Core variables for AEFI monitoring
Collection of harmonized data on AEFI allows for better comparison and pooled analysis with findings from vaccine safety surveillance systems. In collaboration with a network of countries and independent experts, a preliminary list of core variables had been proposed. This list was subsequently compared with the reporting forms from the WHO Programme for International Drug Monitoring (Uppsala Monitoring Centre) to verify which variables are captured by the current reporting forms. Through this exercise, it became apparent that vaccine safety monitoring needs tools which are more specific to the type of variables required for proper AEFI surveillance and that the current web-based interface developed for reporting of suspected drug reactions (VigiFlow) should be adapted for AEFI reporting. To address these issues, the GACVS in December 2011 suggested developing a simpler and vaccine-specific user interface to enter AEFI data. A subgroup of GACVS was tasked to address those issues and presented the status of ongoing activities at the June 2012 meeting.

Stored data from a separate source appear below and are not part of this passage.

locale pro_covering_presentation = small_category C for C :: "('o,'a) cat" +
  fixes J :: "'o \<Rightarrow> 'a set set" and A :: "'x set"
    and V U V' U' :: "('i,'o,'a) proobj" and t :: "'i \<Rightarrow> 'a"
    and f \<theta>V \<psi>V \<theta>U \<psi>U :: "'i \<Rightarrow> ('i \<times> 'a) set"
  assumes subcanonical: "subcanonical C J"
    and V: "pro_diagram C V" and U: "pro_diagram C U"
    and V': "pro_obj C A V'" and U': "pro_obj C A U'"
    and t: "level_map C V' U' t" and t_covering: "\<forall>i\<in>Ob (pI V'). covering_morphism C J (t i)"
    and \<theta>V: "pro_mor C V V' \<theta>V" and \<psi>V: "pro_mor C V' V \<psi>V"
    and \<psi>V_\<theta>V: "pcomp C V V' V \<psi>V \<theta>V = pid C V" and \<theta>V_\<psi>V: "pcomp C V' V V' \<theta>V \<psi>V = pid C V'"
    and \<theta>U: "pro_mor C U U' \<theta>U" and \<psi>U: "pro_mor C U' U \<psi>U"
    and \<psi>U_\<theta>U: "pcomp C U U' U \<psi>U \<theta>U = pid C U" and \<theta>U_\<psi>U: "pcomp C U' U U' \<theta>U \<psi>U = pid C U'"
    and f_eq: "f = pcomp C V U' U \<psi>U (pcomp C V V' U' (plevel C V' U' t) \<theta>V)"

context small_category begin

lemma pro_covering_presentationE:
  assumes V: "pro_diagram C V" and U: "pro_diagram C U" and sc: "subcanonical C J"
    and cov: "pro_covering C J A V U f"
  obtains V' U' t \<theta>V \<psi>V \<theta>U \<psi>U where "pro_covering_presentation C J A V U V' U' t f \<theta>V \<psi>V \<theta>U \<psi>U"
proof -
  have f: "pro_mor C V U f" using cov unfolding pro_covering_def by blast
  obtain V' U' t \<theta>V \<theta>U where V': "pro_obj C A V'" and U': "pro_obj C A U'" and I: "pI V' = pI U'"
    and th: "\<forall>i\<in>Ob (pI V'). t i \<in> hom C (pF V' i) (pF U' i) \<and> covering_morphism C J (t i)"
    and nat: "\<forall>u\<in>Ar (pI V'). Cmp C (pFa U' u) (t (Dom (pI V') u)) = Cmp C (t (Cod (pI V') u)) (pFa V' u)"
    and isoV: "pro_iso C V V' \<theta>V" and isoU: "pro_iso C U U' \<theta>U"
    and H: "pcomp C V U U' \<theta>U f = pcomp C V V' U' (plevel C V' U' t) \<theta>V"
    using cov unfolding pro_covering_def by blast
  have t: "level_map C V' U' t" unfolding level_map_def using I th nat by auto
  obtain \<psi>V where \<psi>V: "pro_mor C V V' \<theta>V" "pro_mor C V' V \<psi>V"
    "pcomp C V V' V \<psi>V \<theta>V = pid C V" "pcomp C V' V V' \<theta>V \<psi>V = pid C V'"
    using isoV unfolding pro_iso_def by blast
  obtain \<psi>U where \<psi>U: "pro_mor C U U' \<theta>U" "pro_mor C U' U \<psi>U"
    "pcomp C U U' U \<psi>U \<theta>U = pid C U" "pcomp C U' U U' \<theta>U \<psi>U = pid C U'"
    using isoU unfolding pro_iso_def by blast
  note U'd = pro_obj_pro_diagram[OF U']
  have "f = pcomp C V U U (pcomp C U U' U \<psi>U \<theta>U) f" using pcomp_pid_left[OF V U f] \<psi>U(3) by simp
  also have "\<dots> = pcomp C V U' U \<psi>U (pcomp C V V' U' (plevel C V' U' t) \<theta>V)"
    using pcomp_assoc[OF V U U'd U \<psi>U(2,1) f] H by simp
  finally have "f = pcomp C V U' U \<psi>U (pcomp C V V' U' (plevel C V' U' t) \<theta>V)" .
  then show ?thesis
    by (intro that, unfold_locales) (use category sc V U V' U' t th \<psi>V \<psi>U in auto)
qed

end

context pro_covering_presentation begin

abbreviation T :: "'i \<Rightarrow> ('i \<times> 'a) set" where "T \<equiv> plevel C V' U' t"

lemma V'_diagram: "pro_diagram C V'" and U'_diagram: "pro_diagram C U'"
  using pro_obj_pro_diagram[OF V'] pro_obj_pro_diagram[OF U'] .

lemma T_pro_mor: "pro_mor C V' U' T"
  using plevel_pro_mor[OF V'_diagram U'_diagram t] .

lemma f_pro_mor: "pro_mor C V U f"
  unfolding f_eq using pcomp_pro_mor[OF V U'_diagram U \<psi>U pcomp_pro_mor[OF V V'_diagram U'_diagram T_pro_mor \<theta>V]] .

lemma pcomp_f_factor:
  assumes W: "pro_diagram C W" and g: "pro_mor C U W g"
  shows "pcomp C V U W g f = pcomp C V V' W (pcomp C V' U' W (pcomp C U' U W g \<psi>U) T) \<theta>V"
  unfolding f_eq
  using pcomp_assoc[OF V U'_diagram U W g \<psi>U pcomp_pro_mor[OF V V'_diagram U'_diagram T_pro_mor \<theta>V]]
    pcomp_assoc[OF V V'_diagram U'_diagram W pcomp_pro_mor[OF U'_diagram U W g \<psi>U] T_pro_mor \<theta>V]
  by simp

lemma pcomp_f_\<psi>V: "pcomp C V' V U f \<psi>V = pcomp C V' U' U \<psi>U T"
proof -
  have "pcomp C V' V U f \<psi>V = pcomp C V' U' U \<psi>U (pcomp C V' V U' (pcomp C V V' U' T \<theta>V) \<psi>V)"
    unfolding f_eq
    using pcomp_assoc[OF V'_diagram V U'_diagram U \<psi>U pcomp_pro_mor[OF V V'_diagram U'_diagram T_pro_mor \<theta>V] \<psi>V]
    by simp
  also have "pcomp C V' V U' (pcomp C V V' U' T \<theta>V) \<psi>V = T"
    using pcomp_assoc[OF V'_diagram V V'_diagram U'_diagram T_pro_mor \<theta>V \<psi>V] \<theta>V_\<psi>V
      pcomp_pid_right[OF V'_diagram U'_diagram T_pro_mor] by simp
  finally show ?thesis .
qed

lemma precomp_f_inj:
  assumes W: "pro_diagram C W" and g: "pro_mor C U W g" and g': "pro_mor C U W g'"
    and e: "pcomp C V U W g f = pcomp C V U W g' f"
  shows "g = g'"
proof -
  have G: "pro_mor C U' W (pcomp C U' U W g \<psi>U)" and G': "pro_mor C U' W (pcomp C U' U W g' \<psi>U)"
    using pcomp_pro_mor[OF U'_diagram U W g \<psi>U] pcomp_pro_mor[OF U'_diagram U W g' \<psi>U] .
  have "pcomp C V' U' W (pcomp C U' U W g \<psi>U) T = pcomp C V' U' W (pcomp C U' U W g' \<psi>U) T"
    using pcomp_cancel_split_epi[OF V V'_diagram W \<theta>V \<psi>V \<theta>V_\<psi>V
        pcomp_pro_mor[OF V'_diagram U'_diagram W G T_pro_mor] pcomp_pro_mor[OF V'_diagram U'_diagram W G' T_pro_mor]]
      e pcomp_f_factor[OF W g] pcomp_f_factor[OF W g'] by simp
  then have "pcomp C U' U W g \<psi>U = pcomp C U' U W g' \<psi>U"
    using plevel_covering_cancel[OF V'_diagram U'_diagram W t subcanonical t_covering G G'] by simp
  then show ?thesis using pcomp_cancel_split_epi[OF U'_diagram U W \<psi>U \<theta>U \<psi>U_\<theta>U g g'] by simp
qed

lemma descends_along_T:
  assumes fl: "has_finite_limits C" and W: "pro_diagram C W"
    and pb: "pro_pullback C A V V U f f P p1 p2"
    and h: "pro_mor C V W h" and e: "pcomp C P V W h p1 = pcomp C P V W h p2"
  shows "\<exists>g'. pro_mor C U' W g' \<and> pcomp C V' U' W g' T = pcomp C V' V W h \<psi>V"
proof -
  obtain Q q1 q2 where QA: "pro_obj C A Q"
    and q1: "level_map C Q V' q1" and q2: "level_map C Q V' q2"
    and Qpb: "\<forall>i\<in>Ob (pI V'). is_pullback C (t i) (t i) (pF Q i) (q1 i) (q2 i)"
    by (rule levelwise_kernel_pair[OF fl V' U'_diagram t])
  have Q: "pro_diagram C Q" using pro_obj_pro_diagram[OF QA] .
  have P: "pro_diagram C P" and p1: "pro_mor C P V p1" and p2: "pro_mor C P V p2"
    using pb pro_obj_pro_diagram[of C A P] unfolding pro_pullback_def by auto
  note Q1 = plevel_pro_mor[OF Q V'_diagram q1] and Q2 = plevel_pro_mor[OF Q V'_diagram q2]
  have TQ: "pcomp C Q V' U' T (plevel C Q V' q1) = pcomp C Q V' U' T (plevel C Q V' q2)"
    using pcomp_plevel_eqI[OF Q V'_diagram U'_diagram q1 q2 t] Qpb unfolding is_pullback_def by blast
  have f\<psi>V: "pcomp C Q V U f (pcomp C Q V' V \<psi>V Qk) = pcomp C Q U' U \<psi>U (pcomp C Q V' U' T Qk)"
    if Qk: "pro_mor C Q V' Qk" for Qk
    using pcomp_assoc[OF Q V'_diagram V U f_pro_mor \<psi>V Qk] pcomp_f_\<psi>V
      pcomp_assoc[OF Q V'_diagram U'_diagram U \<psi>U T_pro_mor Qk] by simp
  have "pcomp C Q V U f (pcomp C Q V' V \<psi>V (plevel C Q V' q1))
      = pcomp C Q V U f (pcomp C Q V' V \<psi>V (plevel C Q V' q2))"
    using f\<psi>V[OF Q1] f\<psi>V[OF Q2] TQ by simp
  then obtain m where m: "pro_mor C Q P m"
    and m1: "pcomp C Q P V p1 m = pcomp C Q V' V \<psi>V (plevel C Q V' q1)"
    and m2: "pcomp C Q P V p2 m = pcomp C Q V' V \<psi>V (plevel C Q V' q2)"
    by (rule pro_pullback_liftE[OF pb QA pcomp_pro_mor[OF Q V'_diagram V \<psi>V Q1]
        pcomp_pro_mor[OF Q V'_diagram V \<psi>V Q2]])
  have h\<psi>V: "pcomp C Q V' W (pcomp C V' V W h \<psi>V) Qk = pcomp C Q P W (pcomp C P V W h pk) m"
    if Qk: "pro_mor C Q V' Qk" and pk: "pro_mor C P V pk"
      and mk: "pcomp C Q P V pk m = pcomp C Q V' V \<psi>V Qk" for Qk pk
    using pcomp_assoc[OF Q V'_diagram V W h \<psi>V Qk] mk pcomp_assoc[OF Q P V W h pk m] by simp
  have "pcomp C Q V' W (pcomp C V' V W h \<psi>V) (plevel C Q V' q1)
      = pcomp C Q V' W (pcomp C V' V W h \<psi>V) (plevel C Q V' q2)"
    using h\<psi>V[OF Q1 p1 m1] h\<psi>V[OF Q2 p2 m2] e by simp
  then show ?thesis
    using plevel_covering_descent[OF V'_diagram U'_diagram W Q t subcanonical t_covering q1 q2 Qpb
        pcomp_pro_mor[OF V'_diagram V W h \<psi>V]] by simp
qed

Collection of basic and advanced AEFI information
It is recognized that for the purpose of signal detection, data collection tools should remain as simple as possible. However, when signals are detected, or in cases of serious AEFI, additional data are essential to allow inferences to be drawn on the association with vaccines and to assess the need for further investigation and action. The subcommittee presented GACVS with 22 core variables that should be collected for any AEFI (basic information) and an additional 33 variables of interest for a more detailed case review (advanced information). Basic information collected needs to be prioritized because the AEFI data collection, collation, transmission, analysis and feedback systems in different countries are heterogeneous. In addition, quantitative and qualitative aspects of data need to be considered. The suggested approach proposes a basic minimum of 22 variables with 10 identified as critical. This simple structure is expected to encourage countries that do not yet have an AEFI surveillance system in place to develop one. It is proposed that the reporting tool include the WHO-ART dictionary in order to standardize the terminology used to record signs, symptoms or a diagnosis, as well as a vaccine dictionary that will include details pertaining to all of the vaccines suspected. For the advanced information, details on the nature and frequency of reporting for events such as in campaigns or in routine immunization programmes, breast or bottle feeding, status of previous vaccination are proposed.
“VacciFlow” will be developed as the adaptation of drug-specific VigiFlow 4.2 to facilitate the entry of vaccine-related AEFI data including immunization programme errors. Ideally “VacciFlow” will be used by both the national regulatory authority and the immunization programme staff. The possibility of incorporating this new interface with minimal computer capabilities and mobile phone technology was encouraged by GACVS. There will be 3 flexible levels created in “VacciFlow” enabling national and subnational level users to analyse and use the data available for action at each level. Automatic feedback to reporters on the status of the report will be built in. Adapting (modifying) existing AEFI reporting systems to adjust to the data proposed in this core set of variables will require an educational and dissemination effort in many countries. It is expected that the upcoming “VacciFlow” will be sufficiently simple and user-friendly to allow tailor-made adjustment for locally collected information.